POST https://api.askvault.co/v1/query

Synchronous JSON response. For streaming, use POST /v1/query/stream instead.

Authentication: Authorization: Bearer ak_xxx. See authentication.

Minimal request

Terminal window
curl -X POST https://api.askvault.co/v1/query \
-H "Authorization: Bearer ak_xxx" \
-H "Content-Type: application/json" \
-d '{
"workspace_id": "wt_xxx",
"message": "What is your refund policy?"
}'

Request parameters

FieldTypeRequiredDescription
workspace_idstringYesThe workspace to query. Format wt_xxxxxx_xxx. Find under Dashboard > Settings > General.
messagestringYesThe user's question. 1 to 4,000 characters. Longer messages are truncated.
top_kintegerNoNumber of context chunks to retrieve. 1 to 10. Default 5. Higher values use more tokens and can dilute the answer.
temperaturenumberNoAnswer creativity from 0.0 to 1.0. Default 0.3. Keep low for factual support; raise for creative tasks.
strictnessstringNo"strict" to refuse answers not in the knowledge base. "helpful" (default) to combine KB with reasoning when KB is insufficient.
document_idsstring[]NoRestrict retrieval to specific document IDs. URL allowlist behavior; the bot can't see content outside these documents in this query.
conversation_idstringNoContinue a multi-turn conversation. Prior turns become context for the new query.
user_idstringNoAnonymous end-user identifier. Enables per-user rate limiting, conversation isolation, and analytics.
verification_tokenstringNoHMAC-signed user_id for identity-verified queries. Enables audience-based scoping.
audiencestring[]NoAudience set this query runs under. Only documents tagged with at least one matching audience are retrievable. Requires verification_token.
metadataobjectNoFree-form metadata stored on the conversation. Useful for tracing or tagging. Max 8 KB.

Response schema

{
"answer": "Refunds are available within 30 days of purchase. Submit a request at acme.co/refunds with your order number.",
"sources": [
{
"document_id": "doc_a1b2c3",
"document_title": "Refund policy",
"url": "https://acme.co/policies/refunds",
"relevance_score": 0.94,
"snippet": "Refunds are available within 30 days of purchase..."
}
],
"confidence": "high",
"model": "askvault-standard",
"tokens_used": 187,
"latency_ms": 612,
"request_id": "req_5b45ff_xxx",
"conversation_id": "conv_5b45ff_xxx"
}
FieldTypeDescription
answerstringThe grounded answer text. Sourced from sources array.
sourcesarrayThe chunks retrieved to ground the answer. Sorted by relevance_score descending.
sources[].document_idstringStable ID of the source document. Use for source-link rendering.
sources[].document_titlestringHuman-readable document title.
sources[].urlstringURL of the source document, if it has one. Empty string for uploaded files.
sources[].relevance_scorenumberCosine similarity score between 0 and 1. Higher is more relevant.
sources[].snippetstringFirst 200 characters of the chunk text.
confidencestring"high", "medium", "low". Low confidence means the answer might be wrong.
modelstringThe model that generated the answer. Always askvault-standard from the API's perspective.
tokens_usedintegerTotal tokens consumed by this query (input + output).
latency_msintegerServer-side latency for this query in milliseconds.
request_idstringUnique ID for this request. Store in your logs for debugging.
conversation_idstringThe conversation ID. Pass this back in subsequent queries to continue the conversation.

Conversation continuity

To continue a multi-turn conversation, pass the conversation_id from the previous response:

{
"workspace_id": "wt_xxx",
"message": "Can I get a refund on a sale item?",
"conversation_id": "conv_5b45ff_xxx"
}

AskVault loads prior turns of the conversation as context for the new query. The retrieval and answer both factor in the conversation history.
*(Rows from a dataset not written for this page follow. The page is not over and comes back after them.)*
theorem proposition4p6:
  fixes B :: "real^3 \<Rightarrow> real^3 \<Rightarrow> real"
  assumes "inner_product_on B"
  shows "\<exists>(lam::real) (k::real) (xb::3 \<Rightarrow> real^3). lam > 0 \<and> k > 0 \<and>
     (\<forall>i j. k * B (xb i) (xb j) = (if i = j then 1 else 0)) \<and>
     r3_bracket (xb 1) (xb 2) = xb 2 + lam *\<^sub>R xb 3 \<and>
     r3_bracket (xb 1) (xb 3) = xb 3 \<and>
     r3_bracket (xb 2) (xb 3) = 0 \<and>
     der_matrices xb =
       {M. \<exists>x21 x22 x31 x32.
          M = vector [vector [0, 0, 0], vector [x21, x22, 0], vector [x31, x32, x22]]}"
proof -
  obtain lam k :: real and xb :: "3 \<Rightarrow> real^3" where lam: "lam > 0" and k: "k > 0"
    and orth: "\<And>i j. k * B (xb i) (xb j) = (if i = j then 1 else 0)"
    and brackets: "r3_bracket (xb 1) (xb 2) = xb 2 + lam *\<^sub>R xb 3"
      "r3_bracket (xb 1) (xb 3) = xb 3" "r3_bracket (xb 2) (xb 3) = 0"
    using r3_adapted_orthonormal_basis[OF assms] by metis
  have "linear (B v)" for v
    using assms by (simp add: inner_product_on_def bilinear_def)
  then have "linear (\<lambda>v. k * B (xb m) v)" for m
    using linear_compose_scale_right[of "B (xb m)" k] by simp
  with orth lam brackets have "r3_adapted_basis xb (\<lambda>m v. k * B (xb m) v) lam"
    by (simp add: r3_adapted_basis_def)
  then show ?thesis
    using lam k orth brackets r3_adapted_basis.der_matrices_eq by blast
qed

end
(* For every integer $j\ge1$, the graph $K_{2j+4}^{(j+2)*}$ on $n=2j+4$ vertices satisfies \[\lambda_1-\lambda_{n-j}=\frac{(2j+5)+\sqrt{4j^2+16j+17}}{2},\] and hence \[s_{0,j}\ge\frac{(2j+5)+\sqrt{4j^2+16j+17}}{4(j+2)}.\]
   Context: $K_m^{t*}$ denotes the complete graph $K_m$ with loops added at exactly $t$ of its vertices. Graphs with loops are identified with their symmetric $(0,1)$ adjacency matrices (diagonal entry $1$ iff loop), eigenvalues listed $\lambda_1\ge\cdots\ge\lambda_n$. For a simple graph $G$ on $n$ vertices, ${\rm spread}_{i,j}(G)=\lambda_{i+1}(G)-\lambda_{n-j}(G)$; ${\rm spread}_{i,j}(n)$ is its maximum over simple graphs on $n$ vertices and $s_{i,j}=\lim_{n\to\infty}{\rm spread}_{i,j}(n)/n$ (known to exist, and known to equal the analogous limit taken over graphs with at most one loop per vertex). *)

theory Defs
  imports "Jordan_Normal_Form.Char_Poly" "HOL-Computational_Algebra.Polynomial" "HOL-Library.Multiset"
begin

text \<open>For real symmetric matrices (adjacency matrices)
  the characteristic polynomial splits over the reals, so this list has length n.\<close>
definition eigs :: "real mat \<Rightarrow> real list" where
  "eigs A = rev (sorted_list_of_multiset (proots (char_poly A)))"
To start a fresh conversation, omit conversation_id. AskVault creates a new one and returns it.

Low-confidence handling

When confidence is "low", the answer is likely wrong or incomplete. The bot probably couldn't find the right content in the knowledge base. Two options:

  1. Display the bot's answer with a disclaimer. "I'm not sure about this one; let me know if you need a human to help."
  2. Route the conversation to a human via webhook. Subscribe to the knowledge.gap_detected webhook event and route low-confidence queries to your support inbox.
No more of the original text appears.